Nothing is needed except the lines below that run from the one with "using w by (simp add: divide_less_cancel)" through the one with "using x by (simp", repeated exactly.

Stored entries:
----------------

lemma infsum_abs_le_nn_integral:
  fixes g :: "'a \<Rightarrow> real"
  shows "ennreal \<bar>infsum g A\<bar> \<le> (\<integral>\<^sup>+ k. ennreal \<bar>g k\<bar> \<partial>count_space A)"
proof (cases "(\<integral>\<^sup>+ k. ennreal \<bar>g k\<bar> \<partial>count_space A) < top")
  case True
  then have int: "integrable (count_space A) g"
    by (simp add: integrable_iff_bounded)
  then have "infsum g A = integral\<^sup>L (count_space A) g"
    by (simp add: infsetsum_infsum[symmetric] Infinite_Set_Sum.abs_summable_on_def infsetsum_def)
  then have "\<bar>infsum g A\<bar> \<le> integral\<^sup>L (count_space A) (\<lambda>k. \<bar>g k\<bar>)"
    using integral_norm_bound[of "count_space A" g] by simp
  also have "\<dots> = enn2real (\<integral>\<^sup>+ k. ennreal \<bar>g k\<bar> \<partial>count_space A)"
    using int by (simp add: integral_eq_nn_integral)
  finally have "ennreal \<bar>infsum g A\<bar> \<le> ennreal (enn2real (\<integral>\<^sup>+ k. ennreal \<bar>g k\<bar> \<partial>count_space A))"
    by (rule ennreal_leI)
  also have "\<dots> = (\<integral>\<^sup>+ k. ennreal \<bar>g k\<bar> \<partial>count_space A)"
    using True by (rule ennreal_enn2real)
  finally show ?thesis .
qed (simp add: not_less top_unique)

lemma infsum_eq_nn_integral_diff:
  fixes g :: "'a \<Rightarrow> real"
  assumes "(\<integral>\<^sup>+ k. ennreal \<bar>g k\<bar> \<partial>count_space A) < \<infinity>"
  shows "infsum g A
    = enn2real (\<integral>\<^sup>+ k. ennreal (g k) \<partial>count_space A) - enn2real (\<integral>\<^sup>+ k. ennreal (- g k) \<partial>count_space A)"
proof -
  have "integrable (count_space A) g"
    using assms by (simp add: integrable_iff_bounded)
  then show ?thesis
    by (simp add: infsetsum_infsum[symmetric] Infinite_Set_Sum.abs_summable_on_def infsetsum_def
        real_lebesgue_integral_def)
qed

lemma lat_div_in_Rn: "lat_div n w k \<in> Rn n"
  by (simp add: lat_div_def Rn_def)

lemma mem_cube_lat_div_iff:
  assumes w: "w > 0"
  shows "x \<in> cube n (lat_div n w k) (1 / w) \<longleftrightarrow> x \<in> Rn n \<and> (\<forall>i<n. \<bar>w * x i - k i\<bar> < 1)"
proof -
  have "\<bar>x i - real_of_int (k i) / w\<bar> < 1 / w \<longleftrightarrow> \<bar>w * x i - k i\<bar> < 1" for i
  proof -
    have "\<bar>x i - real_of_int (k i) / w\<bar> = \<bar>w * x i - k i\<bar> / w"
      using w by (simp add: field_simps abs_div_pos[symmetric])
    then show ?thesis
      using w by (simp add: divide_less_cancel)
  qed
  then show ?thesis
    by (auto simp: cube_def lat_div_def)
qed

lemma one_le_lattice_cube_count:
  assumes w: "w > 0" and x: "x \<in> Rn n"
  shows "1 \<le> (\<integral>\<^sup>+ k. indicator (cube n (lat_div n w k) (1 / w)) x \<partial>count_space (Zn n))"
proof -
  define k where "k = restrict (\<lambda>i. round (w * x i)) {..<n}"
  have k: "k \<in> Zn n"
    by (simp add: k_def Zn_def)
  have "\<bar>w * x i - k i\<bar> < 1" if "i < n" for i
    using that of_int_round_abs_le[of "w * x i"] by (simp add: k_def abs_minus_commute)
  then have "x \<in> cube n (lat_div n w k) (1 / w)"
    using x by (simp add: mem_cube_lat_div_iff[OF w])
  then have "(\<integral>\<^sup>+ k'. indicator {k} k' \<partial>count_space (Zn n))
      \<le> (\<integral>\<^sup>+ k'. indicator (cube n (lat_div n w k') (1 / w)) x \<partial>count_space (Zn n))"
    by (intro nn_integral_mono) (auto simp: indicator_def)
  moreover have "(\<integral>\<^sup>+ k'. indicator {k} k' \<partial>count_space (Zn n)) = 1"
    using k by (subst nn_integral_count_space'[where A = "{k}"]) auto
  ultimately show ?thesis
    by simp
qed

----------------

* SOLUTION TO THIS EXERCISE
      using w by (simp add: divide_less_cancel)
  qed
  then show ?thesis
    by (auto simp: cube_def lat_div_def)
qed

lemma one_le_lattice_cube_count:
  assumes w: "w > 0" and x: "x \<in> Rn n"
  shows "1 \<le> (\<integral>\<^sup>+ k. indicator (cube n (lat_div n w k) (1 / w)) x \<partial>count_space (Zn n))"
proof -
  define k where "k = restrict (\<lambda>i. round (w * x i)) {..<n}"
  have k: "k \<in> Zn n"
    by (simp add: k_def Zn_def)
  have "\<bar>w * x i - k i\<bar> < 1" if "i < n" for i
    using that of_int_round_abs_le[of "w * x i"] by (simp add: k_def abs_minus_commute)
  then have "x \<in> cube n (lat_div n w k) (1 / w)"
    using x by (simp add: mem_cube_lat_div_iff[OF w])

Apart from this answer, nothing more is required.